For example, our 685k vector library may not have the word "[nargle](https://en.wikibooks.org/wiki/Muggles%27_Guide_to_Harry_Potter/Magic/Nargle)". To test this:

In [9]:
tokens = nlp(u'dog cat nargle')

for token in tokens:
    print(token.text, token.has_vector, token.vector_norm, token.is_oov)

dog True 75.254234 False
cat True 63.188496 False
nargle False 0.0 True


## Vector arithmetic
Believe it or not, we can actually calculate new vectors by adding & subtracting related vectors. A famous example suggests
<pre>"king" - "man" + "woman" = "queen"</pre>
Let's try it out!

In [10]:
from scipy import spatial

cosine_similarity = lambda x, y: 1 - spatial.distance.cosine(x, y)

king = nlp.vocab['king'].vector
man = nlp.vocab['man'].vector
woman = nlp.vocab['woman'].vector

# Now we find the closest vector in the vocabulary to the result of "man" - "woman" + "queen"
new_vector = king - man + woman
computed_similarities = []

for word in nlp.vocab:
    # Ignore words without vectors and mixed-case words:
    if word.has_vector:
        if word.is_lower:
            if word.is_alpha:
                similarity = cosine_similarity(new_vector, word.vector)
                computed_similarities.append((word, similarity))
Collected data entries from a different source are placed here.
lemma ab_matching_balance:
  assumes "ab_matching V E ends a b F" "a \<in> A" "b \<in> B" "X \<subseteq> V" "a \<in> X" "b \<notin> X"
  shows "card (X \<inter> A) + 2 + card (out_B F X) = card (X \<inter> B) + card (out_A F X)"
proof -
  have "a \<noteq> b" "X \<inter> A \<inter> {a, b} = {a}" "X \<inter> B \<inter> {a, b} = {}" using assms(2-6) A_Int_B by auto
  moreover have "X \<inter> A \<subseteq> V" "X \<inter> B \<subseteq> V" using assms(4) by auto
  moreover have "F \<subseteq> E" using assms(1) by (simp add: ab_matching_def)
  ultimately show ?thesis
    using sum_deg_balance[of F X] sum_deg_ab_matching[OF assms(1) \<open>a \<noteq> b\<close>] by simp
qed

lemma not_ab_matching_if_two_cut:
  assumes "a \<in> A" "b \<in> B" "e \<in> E" "ends e = {a, b}" "two_cut V E ends C" "e \<in> C"
  shows "\<not> ab_matching V E ends a b F"
proof
  assume F: "ab_matching V E ends a b F"
  obtain X where X: "X \<subseteq> V" "C = cut E ends X" "card C = 2" using assms(5) by (auto simp: two_cut_def)
  obtain Y where Y: "Y \<subseteq> V" "C = cut E ends Y" "a \<in> Y"
  proof (cases "a \<in> X")
    case False
    then show ?thesis using that[of "V - X"] X cut_Diff assms(1) A_Un_B by blast
  qed (use that X in blast)
  have e: "endA e = a" "endB e = b" using ends_eq_doubleton_iff assms(1-4) by auto
  then have "b \<notin> Y" using assms(3,6) Y mem_cut_iff by blast
  have "e \<in> out_A E Y" using e Y(3) \<open>b \<notin> Y\<close> assms(3) by simp
  then have "card (out_A E Y) > 0" using finite_edge_set[OF order_refl] by (auto simp: card_gt_0_iff)
  moreover have "card (out_A E Y) + card (out_B E Y) = 2"
    using card_cut[of Y] X(3) Y(2) by simp
  moreover note cubic_balance[OF Y(1)]
  ultimately have "card (out_A E Y) = 1" "card (Y \<inter> A) = card (Y \<inter> B)" by presburger+
  then have "out_A E Y = {e}" using \<open>e \<in> out_A E Y\<close> by (metis card_1_singletonE singletonD)
  moreover have "out_A F Y \<subseteq> out_A E Y" using F by (auto simp: ab_matching_def)
  ultimately have "card (out_A F Y) \<le> 1" using card_mono[of "{e}" "out_A F Y"] by simp
  then show False
    using ab_matching_balance[OF F assms(1,2) Y(1,3) \<open>b \<notin> Y\<close>] \<open>card (Y \<inter> A) = card (Y \<inter> B)\<close> by linarith
qed

text \<open>The side X of a tight cut whose minus side is X \<inter> A, described without perfect matchings.\<close>

definition tight_shore :: "'v set \<Rightarrow> bool" where
  "tight_shore X \<longleftrightarrow> X \<subseteq> V \<and> card (X \<inter> B) = card (X \<inter> A) + 1 \<and> out_A E X = {}"

lemma not_ab_matching_if_tight_shore:
  assumes "tight_shore X" "a \<in> A" "b \<in> B" "a \<in> X" "b \<notin> X"
  shows "\<not> ab_matching V E ends a b F"
proof
  assume F: "ab_matching V E ends a b F"
  then have "out_A F X = {}" using assms(1) by (auto simp: ab_matching_def tight_shore_def)
  then have "card (out_A F X) = 0" by (simp only: card.empty)
  moreover have X: "X \<subseteq> V" "card (X \<inter> B) = card (X \<inter> A) + 1"
    using assms(1) by (simp_all add: tight_shore_def)
  ultimately show False using ab_matching_balance[OF F assms(2,3) X(1) assms(4,5)] by linarith
qed

lemma tight_cut_if_tight_shore:
  assumes "tight_shore X"
  shows "tight_cut V E ends (cut E ends X)"
  unfolding tight_cut_def
proof (intro conjI allI impI)
  show "\<exists>Y\<subseteq>V. cut E ends X = cut E ends Y" using assms by (auto simp: tight_shore_def)
next
  fix M assume M: "perfect_matching V E ends M"
  then have "M \<subseteq> E" "\<forall>v\<in>V. deg M ends v = 1" by (auto simp: perfect_matching_def)
  moreover have "out_A M X = {}" using assms \<open>M \<subseteq> E\<close> by (auto simp: tight_shore_def)
  then have "card (out_A M X) = 0" by (simp only: card.empty)
  ultimately show "card (cut E ends X \<inter> M) = 1"
    using regular_balance[of M 1 X] card_cut_Int[of M X] assms by (simp add: tight_shore_def)
qed

lemma tight_shore_if_tight_cut:
  assumes X: "X \<subseteq> V" and tight: "tight_cut V E ends (cut E ends X)"
    and less: "card (X \<inter> A) < card (X \<inter> B)"
  shows "tight_shore X"
proof -
  have key: "card (out_A M X) = 0 \<and> card (X \<inter> B) = card (X \<inter> A) + 1"
    if M: "perfect_matching V E ends M" for M
  proof -
    have "M \<subseteq> E" "\<forall>v\<in>V. deg M ends v = 1" using M by (auto simp: perfect_matching_def)
    then have "card (X \<inter> A) + card (out_B M X) = card (X \<inter> B) + card (out_A M X)"
      using regular_balance[of M 1 X] X by simp
    moreover have "card (out_A M X) + card (out_B M X) = 1"
      using tight M card_cut_Int[OF \<open>M \<subseteq> E\<close>, of X] by (simp add: tight_cut_def)
    ultimately show ?thesis using less by linarith
  qed
  obtain v where "v \<in> X \<inter> B" using less by (metis card.empty ex_in_conv less_nat_zero_code)
  then have "deg E ends v = 3" using X deg_E by auto
  then have "{e\<in>E. v \<in> ends e} \<noteq> {}" unfolding deg_def by (intro notI) simp
  then obtain e where "e \<in> E" by blast
  then obtain M where "perfect_matching V E ends M" by (rule edge_in_perfect_matching)
  have "out_A E X = {}"
  proof (rule ccontr)
    assume "out_A E X \<noteq> {}"
    then obtain e where e: "e \<in> out_A E X" by blast
    then obtain M where M: "perfect_matching V E ends M" "e \<in> M" using edge_in_perfect_matching by blast
    then have "M \<subseteq> E" by (simp add: perfect_matching_def)
    then have "card (out_A M X) \<noteq> 0" using M(2) e finite_edge_set[of M] by auto
    then show False using key[OF M(1)] by simp
  qed
  then show ?thesis using key[OF \<open>perfect_matching V E ends M\<close>] X by (simp add: tight_shore_def)
qed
computed_similarities = sorted(computed_similarities, key=lambda item: -item[1])

print([w[0].text for w in computed_similarities[:10]])

['king', 'the', 'and', 'that', 'where', 'she', 'they', 'woman', 'there', 'should']


# Sentiment Analysis
Now that we've seen word vectors we can start to investigate sentiment analysis. The goal is to find commonalities between documents, with the understanding that similarly *combined* vectors should correspond to similar sentiments.

While the scope of sentiment analysis is very broad, we will focus our work in two ways.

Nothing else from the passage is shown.